(Saved data entries)
(* Let $P$ be the Borel probability measure on $\mathbb{R}$ with density $f(x)=(3/2)^m$ if $x\in J_m:=[1-\frac{1}{3^{m-1}},1-\frac{2}{3^m}]$ for some $m\in\mathbb{N}$, and $f(x)=0$ otherwise. Let $\alpha_n$ be an optimal set of $n$-means for $P$ with $n\ge4$. Then $\mathrm{card}(\alpha_n\cap J_1)\ge2$ and $\mathrm{card}(\alpha_n\cap[\frac23,1])\ge2$.
   Context: $\mathbb{N}=\{1,2,\dots\}$; $J_1=[0,\frac13]$. An optimal set of $n$-means for $P$ is a set $\alpha\subset\mathbb{R}$ with $\mathrm{card}(\alpha)\le n$ attaining $\inf\{\int\min_{a\in\alpha}(x-a)^2\,dP(x):\mathrm{card}(\alpha)\le n\}$. *)

theory Defs
  imports "HOL-Probability.Probability"
begin

definition J :: "nat \<Rightarrow> real set" where
  "J m = {1 - 1 / 3 ^ (m - 1) .. 1 - 2 / 3 ^ m}"

text \<open>Density: (3/2)^m on J_m (m \<ge> 1), 0 elsewhere (the J_m are pairwise disjoint).\<close>
definition dens :: "real \<Rightarrow> real" where
  "dens x = (if \<exists>m\<ge>1. x \<in> J m then (3/2) ^ (LEAST m. m \<ge> 1 \<and> x \<in> J m) else 0)"

definition P :: "real measure" where
  "P = density lborel (\<lambda>x. ennreal (dens x))"

definition distortion :: "real measure \<Rightarrow> real set \<Rightarrow> real" where
  "distortion M \<alpha> = (\<integral>x. Min ((\<lambda>a. (x - a)\<^sup>2) ` \<alpha>) \<partial>M)"

definition optimal_n_means :: "real measure \<Rightarrow> nat \<Rightarrow> real set \<Rightarrow> bool" where
  "optimal_n_means M n \<alpha> \<longleftrightarrow>
     finite \<alpha> \<and> \<alpha> \<noteq> {} \<and> card \<alpha> \<le> n \<and>
     (\<forall>\<beta>. finite \<beta> \<and> \<beta> \<noteq> {} \<and> card \<beta> \<le> n \<longrightarrow> distortion M \<alpha> \<le> distortion M \<beta>)"

end

theory Submission
  imports Defs
begin

text \<open>Two kinds of competitors are compared with an optimal set \<open>\<alpha>\<close>. Locally, a point of
  \<open>\<alpha>\<close> outside \<open>[0,1/3] \<union> [2/3,1]\<close> can either be moved to the nearest end of a gap of the
  support, or it is redundant and may be traded for a new point inside \<open>J\<^sub>1\<close>; both strictly
  decrease the distortion. Globally, the four points \<open>1/12, 1/4, 13/18, 17/18\<close> have distortion at
  most \<open>17/7776\<close>. If \<open>J\<^sub>1\<close> or \<open>[2/3,1]\<close> contained at most one point of \<open>\<alpha>\<close>, a single point
  would be nearest to all of that region, and integrating the squared distance to it over
  \<open>J\<^sub>1\<close>, resp. \<open>J\<^sub>2 \<union> J\<^sub>3\<close>, already exceeds \<open>17/7776\<close>.\<close>

section \<open>The density and its support\<close>

lemma J_disjoint:
  assumes "k < m" "x \<in> J k" shows "x \<notin> J m"
proof
  assume "x \<in> J m"
  have "(3::real) ^ k \<le> 3 ^ (m - 1)" using assms by (intro power_increasing) auto
  then have "1 / 3 ^ (m - 1) \<le> (1::real) / 3 ^ k" by (intro frac_le) auto
  moreover have "(2::real) / 3 ^ k = 2 * (1 / 3 ^ k)" "0 < (1::real) / 3 ^ k" by simp_all
  moreover have "1 - 1 / 3 ^ (m - 1) \<le> x" "x \<le> 1 - 2 / 3 ^ k"
    using \<open>x \<in> J m\<close> \<open>x \<in> J k\<close> unfolding J_def by auto
  ultimately show False by linarith
qed

lemma dens_J: assumes "1 \<le> m" "x \<in> J m" shows "dens x = (3/2) ^ m"
proof -
  have "(LEAST k. 1 \<le> k \<and> x \<in> J k) = m"
    using assms J_disjoint by (intro Least_equality) (auto simp: not_le[symmetric])
  then show ?thesis using assms unfolding dens_def by auto
qed

definition Jset :: "real set" where
  "Jset = (\<Union>m\<in>{1..}. J m)"

lemma dens_nonneg: "0 \<le> dens x"
  by (simp add: dens_def)

lemma dens_eq_0: "x \<notin> Jset \<Longrightarrow> dens x = 0"
  by (auto simp: dens_def Jset_def)

lemma borel_measurable_dens [measurable]: "dens \<in> borel_measurable borel"
  unfolding dens_def J_def by measurable

lemma J_1: "J 1 = {0..1/3}" and J_2: "J 2 = {2/3..7/9}" and J_3: "J 3 = {8/9..25/27}"
  by (simp_all add: J_def)

lemma J_subset_ge_3: assumes "3 \<le> m" shows "J m \<subseteq> {8/9..1}"
proof -
  have "(3::real) ^ 2 \<le> 3 ^ (m - 1)" using assms by (intro power_increasing) auto
  then have "1 / 3 ^ (m - 1) \<le> (1::real) / 9" by (simp add: frac_le)
  then show ?thesis unfolding J_def by auto
qed

lemma Jset_subset: "Jset \<subseteq> {0..1/3} \<union> {2/3..1}"
proof
  fix x assume "x \<in> Jset"
  then obtain m where m: "1 \<le> m" "x \<in> J m" unfolding Jset_def by auto
  then consider "m = 1" | "m = 2" | "3 \<le> m" by linarith
  then show "x \<in> {0..1/3} \<union> {2/3..1}"
  proof cases
    case 3
    then show ?thesis using m J_subset_ge_3[of m] by auto
  qed (use m J_1 J_2 in auto)
qed

lemma emeasure_J: "1 \<le> m \<Longrightarrow> emeasure lborel (J m) = ennreal ((1/3) ^ m)"
  by (cases m) (auto simp: J_def field_simps power_divide)

lemma set_nn_integral_dens_Icc:
  fixes f F :: "real \<Rightarrow> real"
  assumes "1 \<le> m" "{u..v} \<subseteq> J m" "u \<le> v"
    and "f \<in> borel_measurable borel"
    and "\<And>x. x \<in> {u..v} \<Longrightarrow> (F has_real_derivative f x) (at x)"
    and "\<And>x. x \<in> {u..v} \<Longrightarrow> 0 \<le> f x"
  shows "(\<integral>\<^sup>+x\<in>{u..v}. ennreal (dens x * f x) \<partial>lborel) = ennreal ((3/2) ^ m * (F v - F u))"
proof -
  have "(\<integral>\<^sup>+x\<in>{u..v}. ennreal (dens x * f x) \<partial>lborel)
      = (\<integral>\<^sup>+x. ennreal ((3/2) ^ m) * (ennreal (f x) * indicator {u..v} x) \<partial>lborel)"
    using assms by (intro nn_integral_cong) (auto simp: dens_J ennreal_mult split: split_indicator)
  also have "\<dots> = ennreal ((3/2) ^ m) * (\<integral>\<^sup>+x. ennreal (f x) * indicator {u..v} x \<partial>lborel)"
    by (rule nn_integral_cmult) (use assms in measurable)
  also have "(\<integral>\<^sup>+x. ennreal (f x) * indicator {u..v} x \<partial>lborel) = ennreal (F v - F u)"
    using assms by (intro nn_integral_FTC_Icc) auto
  finally show ?thesis by (simp add: ennreal_mult')
qed

lemma set_nn_integral_dens_sq:
  assumes "1 \<le> m" "{u..v} \<subseteq> J m" "u \<le> v"
  shows "(\<integral>\<^sup>+x\<in>{u..v}. ennreal (dens x * (x - c)\<^sup>2) \<partial>lborel)
       = ennreal ((3/2) ^ m * ((v - c) ^ 3 - (u - c) ^ 3) / 3)"
proof -
  have "(\<integral>\<^sup>+x\<in>{u..v}. ennreal (dens x * (x - c)\<^sup>2) \<partial>lborel)
      = ennreal ((3/2) ^ m * ((v - c) ^ 3 / 3 - (u - c) ^ 3 / 3))"
    by (rule set_nn_integral_dens_Icc[OF assms])
      (auto intro!: derivative_eq_intros simp: power2_eq_square)
  then show ?thesis by (simp add: field_simps)
qed

lemma ennreal_term_le_suminf: "(f :: nat \<Rightarrow> ennreal) j \<le> (\<Sum>i. f i)"
  using sum_le_suminf[of f "{j}"] by simp

lemma set_nn_integral_dens_tail:
  assumes "1 \<le> k"
  shows "(\<integral>\<^sup>+x\<in>(\<Union>m\<in>{k..}. J m). ennreal (dens x) \<partial>lborel) \<le> ennreal (2 * (1/2) ^ k)"
proof -
  have "ennreal (dens x) * indicator (\<Union>m\<in>{k..}. J m) x
      \<le> (\<Sum>i. ennreal ((3/2) ^ (i + k)) * indicator (J (i + k)) x)" for x
  proof (cases "x \<in> (\<Union>m\<in>{k..}. J m)")
    case True
    then obtain j where j: "k \<le> j" "x \<in> J j" by auto
    have "ennreal (dens x) * indicator (\<Union>m\<in>{k..}. J m) x
        = ennreal ((3/2) ^ ((j - k) + k)) * indicator (J ((j - k) + k)) x"
      using j True assms dens_J[of j x] by simp
    also have "\<dots> \<le> (\<Sum>i. ennreal ((3/2) ^ (i + k)) * indicator (J (i + k)) x)"
      by (rule ennreal_term_le_suminf)
    finally show ?thesis .
  qed simp
  then have "(\<integral>\<^sup>+x\<in>(\<Union>m\<in>{k..}. J m). ennreal (dens x) \<partial>lborel)
      \<le> (\<integral>\<^sup>+x. (\<Sum>i. ennreal ((3/2) ^ (i + k)) * indicator (J (i + k)) x) \<partial>lborel)"
    by (rule nn_integral_mono)
  also have "\<dots> = (\<Sum>i. \<integral>\<^sup>+x. ennreal ((3/2) ^ (i + k)) * indicator (J (i + k)) x \<partial>lborel)"
    by (rule nn_integral_suminf) (auto simp: J_def)
  also have "\<dots> = (\<Sum>i. ennreal ((3/2) ^ (i + k)) * emeasure lborel (J (i + k)))"
    by (intro suminf_cong nn_integral_cmult_indicator) (simp add: J_def)
  also have "\<dots> = (\<Sum>i. ennreal ((1/2) ^ k * (1/2) ^ i))"
  proof (rule suminf_cong)
    fix i
    have "(3/2::real) ^ (i + k) * (1/3) ^ (i + k) = (1/2) ^ k * (1/2) ^ i"
      unfolding power_mult_distrib[symmetric] by (simp add: power_add)
    then show "ennreal ((3/2) ^ (i + k)) * emeasure lborel (J (i + k)) = ennreal ((1/2) ^ k * (1/2) ^ i)"
      using assms by (simp add: emeasure_J ennreal_mult'[symmetric])
  qed
  also have "\<dots> = ennreal (\<Sum>i. (1/2) ^ k * (1/2::real) ^ i)"
    by (intro suminf_ennreal2) (auto intro: summable_mult)
  also have "(\<Sum>i. (1/2) ^ k * (1/2::real) ^ i) = 2 * (1/2) ^ k"
    by (subst suminf_mult) (auto simp: suminf_geometric)
  finally show ?thesis .
qed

▶ **WORK TO BE COMPLETED**
Beginning at the line above with "for $P$ is a" and finishing at the line with "finite \<alpha> \<and>", return each line exactly and return nothing else.

▶ **SOLUTION TO THIS TASK**
   Context: $\mathbb{N}=\{1,2,\dots\}$; $J_1=[0,\frac13]$. An optimal set of $n$-means for $P$ is a set $\alpha\subset\mathbb{R}$ with $\mathrm{card}(\alpha)\le n$ attaining $\inf\{\int\min_{a\in\alpha}(x-a)^2\,dP(x):\mathrm{card}(\alpha)\le n\}$. *)

theory Defs
  imports "HOL-Probability.Probability"
begin

definition J :: "nat \<Rightarrow> real set" where
  "J m = {1 - 1 / 3 ^ (m - 1) .. 1 - 2 / 3 ^ m}"

text \<open>Density: (3/2)^m on J_m (m \<ge> 1), 0 elsewhere (the J_m are pairwise disjoint).\<close>
definition dens :: "real \<Rightarrow> real" where
  "dens x = (if \<exists>m\<ge>1. x \<in> J m then (3/2) ^ (LEAST m. m \<ge> 1 \<and> x \<in> J m) else 0)"

definition P :: "real measure" where
  "P = density lborel (\<lambda>x. ennreal (dens x))"

definition distortion :: "real measure \<Rightarrow> real set \<Rightarrow> real" where
  "distortion M \<alpha> = (\<integral>x. Min ((\<lambda>a. (x - a)\<^sup>2) ` \<alpha>) \<partial>M)"

definition optimal_n_means :: "real measure \<Rightarrow> nat \<Rightarrow> real set \<Rightarrow> bool" where
  "optimal_n_means M n \<alpha> \<longleftrightarrow>
     finite \<alpha> \<and> \<alpha> \<noteq> {} \<and> card \<alpha> \<le> n \<and>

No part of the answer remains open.